Entries taken from a collection
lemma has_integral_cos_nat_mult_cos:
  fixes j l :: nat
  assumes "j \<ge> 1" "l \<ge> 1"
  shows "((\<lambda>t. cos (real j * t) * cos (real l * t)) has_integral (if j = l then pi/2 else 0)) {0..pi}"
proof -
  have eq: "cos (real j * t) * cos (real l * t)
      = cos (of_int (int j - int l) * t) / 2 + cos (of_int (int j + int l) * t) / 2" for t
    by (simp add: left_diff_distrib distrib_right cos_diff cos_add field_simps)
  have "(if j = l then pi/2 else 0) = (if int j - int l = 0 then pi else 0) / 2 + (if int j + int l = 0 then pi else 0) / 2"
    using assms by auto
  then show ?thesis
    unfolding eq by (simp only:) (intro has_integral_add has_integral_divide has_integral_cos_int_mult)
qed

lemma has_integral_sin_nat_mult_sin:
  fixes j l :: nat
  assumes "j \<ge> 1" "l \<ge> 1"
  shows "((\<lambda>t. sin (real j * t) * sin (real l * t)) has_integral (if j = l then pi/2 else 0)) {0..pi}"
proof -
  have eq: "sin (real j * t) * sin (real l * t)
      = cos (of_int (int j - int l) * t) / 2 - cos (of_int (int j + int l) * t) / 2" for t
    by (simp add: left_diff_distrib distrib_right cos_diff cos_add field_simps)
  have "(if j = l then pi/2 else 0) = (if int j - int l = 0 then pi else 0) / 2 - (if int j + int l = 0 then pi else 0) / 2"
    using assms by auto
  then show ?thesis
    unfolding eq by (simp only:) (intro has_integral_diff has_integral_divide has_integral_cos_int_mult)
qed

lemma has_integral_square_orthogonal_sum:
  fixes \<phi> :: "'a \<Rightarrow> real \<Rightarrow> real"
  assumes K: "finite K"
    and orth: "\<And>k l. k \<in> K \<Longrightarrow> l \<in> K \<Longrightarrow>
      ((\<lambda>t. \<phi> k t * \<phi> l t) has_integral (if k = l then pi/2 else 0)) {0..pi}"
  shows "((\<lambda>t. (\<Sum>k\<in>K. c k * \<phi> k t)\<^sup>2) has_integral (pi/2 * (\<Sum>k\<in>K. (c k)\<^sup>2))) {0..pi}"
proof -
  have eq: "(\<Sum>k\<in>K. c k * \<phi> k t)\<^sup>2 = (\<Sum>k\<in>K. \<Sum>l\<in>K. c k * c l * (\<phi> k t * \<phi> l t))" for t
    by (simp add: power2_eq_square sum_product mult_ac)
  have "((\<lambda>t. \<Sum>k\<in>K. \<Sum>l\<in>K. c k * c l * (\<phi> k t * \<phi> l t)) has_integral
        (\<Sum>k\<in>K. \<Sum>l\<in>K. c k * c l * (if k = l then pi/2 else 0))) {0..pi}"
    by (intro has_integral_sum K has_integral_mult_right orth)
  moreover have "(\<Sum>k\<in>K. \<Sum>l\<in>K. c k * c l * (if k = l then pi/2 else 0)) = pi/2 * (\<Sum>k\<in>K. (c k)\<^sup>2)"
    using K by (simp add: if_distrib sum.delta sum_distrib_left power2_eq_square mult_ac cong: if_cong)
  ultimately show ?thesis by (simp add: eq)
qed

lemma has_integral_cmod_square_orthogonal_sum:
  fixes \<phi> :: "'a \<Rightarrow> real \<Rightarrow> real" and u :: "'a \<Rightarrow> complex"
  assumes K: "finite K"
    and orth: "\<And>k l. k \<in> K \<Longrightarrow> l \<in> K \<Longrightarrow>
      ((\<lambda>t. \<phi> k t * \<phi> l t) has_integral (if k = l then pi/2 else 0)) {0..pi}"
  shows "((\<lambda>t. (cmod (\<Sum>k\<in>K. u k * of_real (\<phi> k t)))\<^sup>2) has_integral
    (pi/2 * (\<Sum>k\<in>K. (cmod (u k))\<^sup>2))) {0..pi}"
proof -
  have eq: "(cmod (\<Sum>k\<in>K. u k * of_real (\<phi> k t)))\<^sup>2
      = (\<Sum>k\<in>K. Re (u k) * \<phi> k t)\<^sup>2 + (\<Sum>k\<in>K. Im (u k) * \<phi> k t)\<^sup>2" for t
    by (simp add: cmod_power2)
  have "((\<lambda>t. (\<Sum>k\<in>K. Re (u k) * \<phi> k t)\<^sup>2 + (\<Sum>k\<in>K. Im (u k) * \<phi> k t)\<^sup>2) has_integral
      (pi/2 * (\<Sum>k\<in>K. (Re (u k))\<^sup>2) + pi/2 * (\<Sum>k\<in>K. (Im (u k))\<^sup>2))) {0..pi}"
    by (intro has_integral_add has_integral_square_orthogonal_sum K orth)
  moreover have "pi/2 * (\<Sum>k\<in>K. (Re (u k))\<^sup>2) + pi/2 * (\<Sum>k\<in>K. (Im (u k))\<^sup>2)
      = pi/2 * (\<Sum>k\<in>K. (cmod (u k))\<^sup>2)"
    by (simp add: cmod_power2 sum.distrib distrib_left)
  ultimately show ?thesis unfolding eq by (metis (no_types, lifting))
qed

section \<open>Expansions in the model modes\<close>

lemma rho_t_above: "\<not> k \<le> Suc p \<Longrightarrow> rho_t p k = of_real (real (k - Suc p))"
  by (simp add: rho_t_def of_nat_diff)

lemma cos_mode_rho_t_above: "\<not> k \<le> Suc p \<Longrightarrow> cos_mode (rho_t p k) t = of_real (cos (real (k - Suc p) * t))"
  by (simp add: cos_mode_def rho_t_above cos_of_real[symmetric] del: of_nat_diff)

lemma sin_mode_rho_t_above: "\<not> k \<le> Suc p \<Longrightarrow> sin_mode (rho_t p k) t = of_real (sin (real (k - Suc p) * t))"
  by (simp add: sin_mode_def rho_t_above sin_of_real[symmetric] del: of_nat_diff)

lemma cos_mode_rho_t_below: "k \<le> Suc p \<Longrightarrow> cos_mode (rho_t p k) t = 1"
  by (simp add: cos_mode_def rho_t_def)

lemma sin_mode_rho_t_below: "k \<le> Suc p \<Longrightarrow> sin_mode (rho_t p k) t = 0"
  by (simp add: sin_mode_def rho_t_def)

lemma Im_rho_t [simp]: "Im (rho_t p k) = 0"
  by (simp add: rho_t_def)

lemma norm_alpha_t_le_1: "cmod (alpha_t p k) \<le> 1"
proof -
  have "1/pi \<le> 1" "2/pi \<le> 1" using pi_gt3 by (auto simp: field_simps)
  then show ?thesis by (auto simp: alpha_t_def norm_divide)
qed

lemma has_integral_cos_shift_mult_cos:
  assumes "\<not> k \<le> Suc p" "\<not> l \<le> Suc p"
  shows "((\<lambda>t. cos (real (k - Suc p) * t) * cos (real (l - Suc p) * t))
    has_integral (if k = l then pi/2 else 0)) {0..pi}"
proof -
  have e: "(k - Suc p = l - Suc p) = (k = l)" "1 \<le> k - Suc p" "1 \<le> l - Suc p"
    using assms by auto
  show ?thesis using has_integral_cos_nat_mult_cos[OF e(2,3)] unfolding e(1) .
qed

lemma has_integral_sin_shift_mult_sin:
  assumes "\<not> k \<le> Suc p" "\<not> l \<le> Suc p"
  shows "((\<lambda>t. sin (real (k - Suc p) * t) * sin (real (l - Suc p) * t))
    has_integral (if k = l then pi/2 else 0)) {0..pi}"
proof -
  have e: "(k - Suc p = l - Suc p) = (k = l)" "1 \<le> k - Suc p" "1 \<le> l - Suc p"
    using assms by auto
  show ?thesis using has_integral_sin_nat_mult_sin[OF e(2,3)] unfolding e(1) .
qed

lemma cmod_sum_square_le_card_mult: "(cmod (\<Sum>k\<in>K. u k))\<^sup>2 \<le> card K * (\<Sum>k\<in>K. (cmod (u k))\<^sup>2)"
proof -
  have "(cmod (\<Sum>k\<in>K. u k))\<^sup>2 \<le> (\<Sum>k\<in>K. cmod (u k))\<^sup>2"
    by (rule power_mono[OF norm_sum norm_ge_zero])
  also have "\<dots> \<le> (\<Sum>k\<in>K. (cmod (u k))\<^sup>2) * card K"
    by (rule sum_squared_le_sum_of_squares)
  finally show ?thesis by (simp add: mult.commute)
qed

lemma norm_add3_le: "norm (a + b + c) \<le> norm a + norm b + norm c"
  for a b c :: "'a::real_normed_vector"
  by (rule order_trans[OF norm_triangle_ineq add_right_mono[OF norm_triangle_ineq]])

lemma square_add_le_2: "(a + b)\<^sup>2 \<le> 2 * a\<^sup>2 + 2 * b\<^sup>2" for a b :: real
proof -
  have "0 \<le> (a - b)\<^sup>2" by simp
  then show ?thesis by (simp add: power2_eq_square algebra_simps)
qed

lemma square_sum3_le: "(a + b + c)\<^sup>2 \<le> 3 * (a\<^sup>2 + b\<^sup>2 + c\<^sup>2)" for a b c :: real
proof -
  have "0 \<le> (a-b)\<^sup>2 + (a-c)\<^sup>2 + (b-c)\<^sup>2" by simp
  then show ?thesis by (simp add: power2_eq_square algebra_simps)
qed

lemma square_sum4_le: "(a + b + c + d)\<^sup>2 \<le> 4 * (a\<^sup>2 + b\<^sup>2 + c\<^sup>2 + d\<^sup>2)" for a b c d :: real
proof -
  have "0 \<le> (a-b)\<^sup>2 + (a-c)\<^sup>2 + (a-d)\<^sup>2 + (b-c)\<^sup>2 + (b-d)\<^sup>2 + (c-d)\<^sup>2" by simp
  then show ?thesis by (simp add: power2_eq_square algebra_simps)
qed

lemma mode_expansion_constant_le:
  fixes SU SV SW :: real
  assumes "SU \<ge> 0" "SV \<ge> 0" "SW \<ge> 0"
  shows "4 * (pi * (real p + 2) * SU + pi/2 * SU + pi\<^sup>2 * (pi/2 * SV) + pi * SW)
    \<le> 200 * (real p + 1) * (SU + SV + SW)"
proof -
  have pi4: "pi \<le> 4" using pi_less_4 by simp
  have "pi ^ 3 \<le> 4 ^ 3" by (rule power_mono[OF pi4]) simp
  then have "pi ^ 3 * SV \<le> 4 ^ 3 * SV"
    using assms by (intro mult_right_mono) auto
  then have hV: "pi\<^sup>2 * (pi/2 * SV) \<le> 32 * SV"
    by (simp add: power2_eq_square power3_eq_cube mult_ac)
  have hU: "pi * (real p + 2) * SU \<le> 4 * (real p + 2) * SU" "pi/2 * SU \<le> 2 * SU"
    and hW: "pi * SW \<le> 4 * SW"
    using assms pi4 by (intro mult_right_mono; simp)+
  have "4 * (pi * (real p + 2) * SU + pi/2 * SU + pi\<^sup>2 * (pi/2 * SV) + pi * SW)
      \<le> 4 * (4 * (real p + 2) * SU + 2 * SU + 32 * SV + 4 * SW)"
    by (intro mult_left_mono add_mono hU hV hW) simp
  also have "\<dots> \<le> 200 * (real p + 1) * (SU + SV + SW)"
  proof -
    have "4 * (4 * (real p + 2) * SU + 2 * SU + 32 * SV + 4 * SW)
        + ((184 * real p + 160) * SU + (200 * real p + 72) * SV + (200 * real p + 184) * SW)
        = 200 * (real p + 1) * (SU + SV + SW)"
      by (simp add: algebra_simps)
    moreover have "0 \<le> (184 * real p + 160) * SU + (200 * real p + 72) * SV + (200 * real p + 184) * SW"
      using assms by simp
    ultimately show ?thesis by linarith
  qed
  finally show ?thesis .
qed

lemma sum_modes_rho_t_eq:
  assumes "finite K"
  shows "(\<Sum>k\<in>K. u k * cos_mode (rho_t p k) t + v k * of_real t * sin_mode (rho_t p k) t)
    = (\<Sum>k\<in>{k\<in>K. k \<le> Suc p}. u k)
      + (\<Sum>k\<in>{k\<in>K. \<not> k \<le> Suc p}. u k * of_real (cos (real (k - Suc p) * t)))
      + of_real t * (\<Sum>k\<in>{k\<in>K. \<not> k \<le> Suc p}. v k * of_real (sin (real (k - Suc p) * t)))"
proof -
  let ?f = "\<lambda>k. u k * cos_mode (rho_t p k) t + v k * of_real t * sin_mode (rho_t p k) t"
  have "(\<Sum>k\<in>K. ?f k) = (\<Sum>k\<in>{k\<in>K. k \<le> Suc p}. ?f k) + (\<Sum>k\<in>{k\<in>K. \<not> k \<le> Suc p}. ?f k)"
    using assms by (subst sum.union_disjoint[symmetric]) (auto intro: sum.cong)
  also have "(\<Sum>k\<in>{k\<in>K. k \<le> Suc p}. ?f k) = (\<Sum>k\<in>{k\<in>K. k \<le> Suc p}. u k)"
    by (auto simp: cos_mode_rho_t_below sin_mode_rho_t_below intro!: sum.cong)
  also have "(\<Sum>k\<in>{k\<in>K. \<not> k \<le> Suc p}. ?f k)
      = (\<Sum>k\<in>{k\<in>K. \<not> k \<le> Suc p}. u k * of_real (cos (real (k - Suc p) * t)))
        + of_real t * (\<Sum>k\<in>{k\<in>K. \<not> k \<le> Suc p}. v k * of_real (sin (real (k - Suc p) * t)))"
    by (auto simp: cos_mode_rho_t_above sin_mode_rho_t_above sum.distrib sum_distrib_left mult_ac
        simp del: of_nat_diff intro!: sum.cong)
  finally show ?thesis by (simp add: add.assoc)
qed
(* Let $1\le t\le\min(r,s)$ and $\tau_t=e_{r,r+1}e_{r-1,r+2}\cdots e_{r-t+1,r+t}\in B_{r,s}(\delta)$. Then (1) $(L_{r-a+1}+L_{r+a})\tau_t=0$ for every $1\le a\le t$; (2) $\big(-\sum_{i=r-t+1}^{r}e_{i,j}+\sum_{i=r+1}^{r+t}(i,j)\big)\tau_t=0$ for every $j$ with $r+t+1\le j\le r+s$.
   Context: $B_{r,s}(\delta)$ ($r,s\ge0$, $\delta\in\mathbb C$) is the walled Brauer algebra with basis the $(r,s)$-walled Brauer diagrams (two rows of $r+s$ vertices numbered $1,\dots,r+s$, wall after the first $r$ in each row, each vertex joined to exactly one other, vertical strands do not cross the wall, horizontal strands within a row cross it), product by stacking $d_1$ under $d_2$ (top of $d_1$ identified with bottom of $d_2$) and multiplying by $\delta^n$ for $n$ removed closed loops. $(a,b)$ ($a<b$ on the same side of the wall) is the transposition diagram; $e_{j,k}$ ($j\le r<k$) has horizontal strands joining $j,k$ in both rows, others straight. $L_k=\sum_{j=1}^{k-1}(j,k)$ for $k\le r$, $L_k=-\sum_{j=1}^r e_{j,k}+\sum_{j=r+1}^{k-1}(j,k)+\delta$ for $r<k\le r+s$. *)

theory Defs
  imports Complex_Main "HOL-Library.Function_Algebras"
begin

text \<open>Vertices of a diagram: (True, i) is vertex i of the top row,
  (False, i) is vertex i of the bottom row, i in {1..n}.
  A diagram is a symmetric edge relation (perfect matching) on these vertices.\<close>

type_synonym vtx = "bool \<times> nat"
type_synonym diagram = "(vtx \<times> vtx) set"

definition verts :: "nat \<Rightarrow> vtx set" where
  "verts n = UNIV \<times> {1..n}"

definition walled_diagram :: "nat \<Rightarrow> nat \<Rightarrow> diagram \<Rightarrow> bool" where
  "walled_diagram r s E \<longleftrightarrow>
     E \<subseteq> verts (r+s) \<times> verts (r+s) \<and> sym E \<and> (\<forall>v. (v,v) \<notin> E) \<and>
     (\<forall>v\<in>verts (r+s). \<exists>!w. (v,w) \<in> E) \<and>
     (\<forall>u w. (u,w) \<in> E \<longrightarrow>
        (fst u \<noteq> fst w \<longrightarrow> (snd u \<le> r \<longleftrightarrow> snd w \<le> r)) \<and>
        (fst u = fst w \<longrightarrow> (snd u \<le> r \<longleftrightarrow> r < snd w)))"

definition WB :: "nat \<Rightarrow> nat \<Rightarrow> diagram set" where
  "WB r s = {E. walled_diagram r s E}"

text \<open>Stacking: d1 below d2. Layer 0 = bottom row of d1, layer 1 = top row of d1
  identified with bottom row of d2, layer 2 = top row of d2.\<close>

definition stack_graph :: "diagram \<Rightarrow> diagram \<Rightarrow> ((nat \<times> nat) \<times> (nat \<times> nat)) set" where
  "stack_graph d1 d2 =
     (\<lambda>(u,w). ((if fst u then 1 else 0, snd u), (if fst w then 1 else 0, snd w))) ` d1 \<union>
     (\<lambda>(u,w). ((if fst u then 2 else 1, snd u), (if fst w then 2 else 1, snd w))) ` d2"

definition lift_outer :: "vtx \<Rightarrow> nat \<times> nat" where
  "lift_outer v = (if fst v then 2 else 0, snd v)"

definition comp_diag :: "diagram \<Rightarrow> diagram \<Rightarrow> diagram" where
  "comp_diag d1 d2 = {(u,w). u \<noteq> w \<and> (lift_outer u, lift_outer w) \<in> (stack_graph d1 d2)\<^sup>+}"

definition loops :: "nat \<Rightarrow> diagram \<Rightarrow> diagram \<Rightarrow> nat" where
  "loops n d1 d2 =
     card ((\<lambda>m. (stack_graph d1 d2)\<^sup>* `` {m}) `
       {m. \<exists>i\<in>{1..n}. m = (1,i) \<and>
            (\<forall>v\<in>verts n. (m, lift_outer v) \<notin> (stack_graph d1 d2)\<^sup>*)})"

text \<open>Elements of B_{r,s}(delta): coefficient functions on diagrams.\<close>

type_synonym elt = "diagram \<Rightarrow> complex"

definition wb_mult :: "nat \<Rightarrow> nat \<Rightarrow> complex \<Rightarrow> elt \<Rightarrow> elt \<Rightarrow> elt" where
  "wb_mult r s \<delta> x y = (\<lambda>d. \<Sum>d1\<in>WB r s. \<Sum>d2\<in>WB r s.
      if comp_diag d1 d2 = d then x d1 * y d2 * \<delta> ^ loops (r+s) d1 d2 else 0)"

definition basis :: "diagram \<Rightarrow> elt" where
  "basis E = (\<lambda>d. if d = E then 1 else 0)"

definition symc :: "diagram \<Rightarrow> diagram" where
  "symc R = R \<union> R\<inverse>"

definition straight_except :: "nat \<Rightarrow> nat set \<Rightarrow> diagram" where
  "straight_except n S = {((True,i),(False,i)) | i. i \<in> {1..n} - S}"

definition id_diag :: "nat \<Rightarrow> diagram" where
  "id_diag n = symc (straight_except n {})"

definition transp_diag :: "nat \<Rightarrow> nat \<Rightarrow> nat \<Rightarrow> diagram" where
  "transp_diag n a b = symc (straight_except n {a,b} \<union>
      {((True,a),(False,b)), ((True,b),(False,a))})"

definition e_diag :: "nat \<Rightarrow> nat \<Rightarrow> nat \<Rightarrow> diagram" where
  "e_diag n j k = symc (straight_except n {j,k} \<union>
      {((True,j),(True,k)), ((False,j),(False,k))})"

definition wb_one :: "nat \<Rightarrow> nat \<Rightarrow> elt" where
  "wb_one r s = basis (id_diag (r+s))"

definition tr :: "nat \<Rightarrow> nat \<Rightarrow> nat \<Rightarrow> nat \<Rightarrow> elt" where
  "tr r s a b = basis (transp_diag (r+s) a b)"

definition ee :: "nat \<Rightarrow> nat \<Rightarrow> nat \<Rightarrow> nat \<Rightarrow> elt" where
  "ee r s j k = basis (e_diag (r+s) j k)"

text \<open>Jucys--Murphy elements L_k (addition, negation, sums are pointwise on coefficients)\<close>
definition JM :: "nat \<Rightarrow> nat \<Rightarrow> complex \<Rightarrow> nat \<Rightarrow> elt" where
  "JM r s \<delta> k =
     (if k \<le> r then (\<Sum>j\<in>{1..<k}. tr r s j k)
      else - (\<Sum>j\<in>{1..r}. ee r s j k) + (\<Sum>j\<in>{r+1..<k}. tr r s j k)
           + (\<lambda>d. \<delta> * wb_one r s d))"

WHAT THE TASK REQUIRES: Among the lines above, which ones hold the string "ultimately"? Show them.

EXPECTED ANSWER:
  ultimately show ?thesis by (simp add: eq)
  ultimately show ?thesis unfolding eq by (metis (no_types, lifting))
    ultimately show ?thesis by linarith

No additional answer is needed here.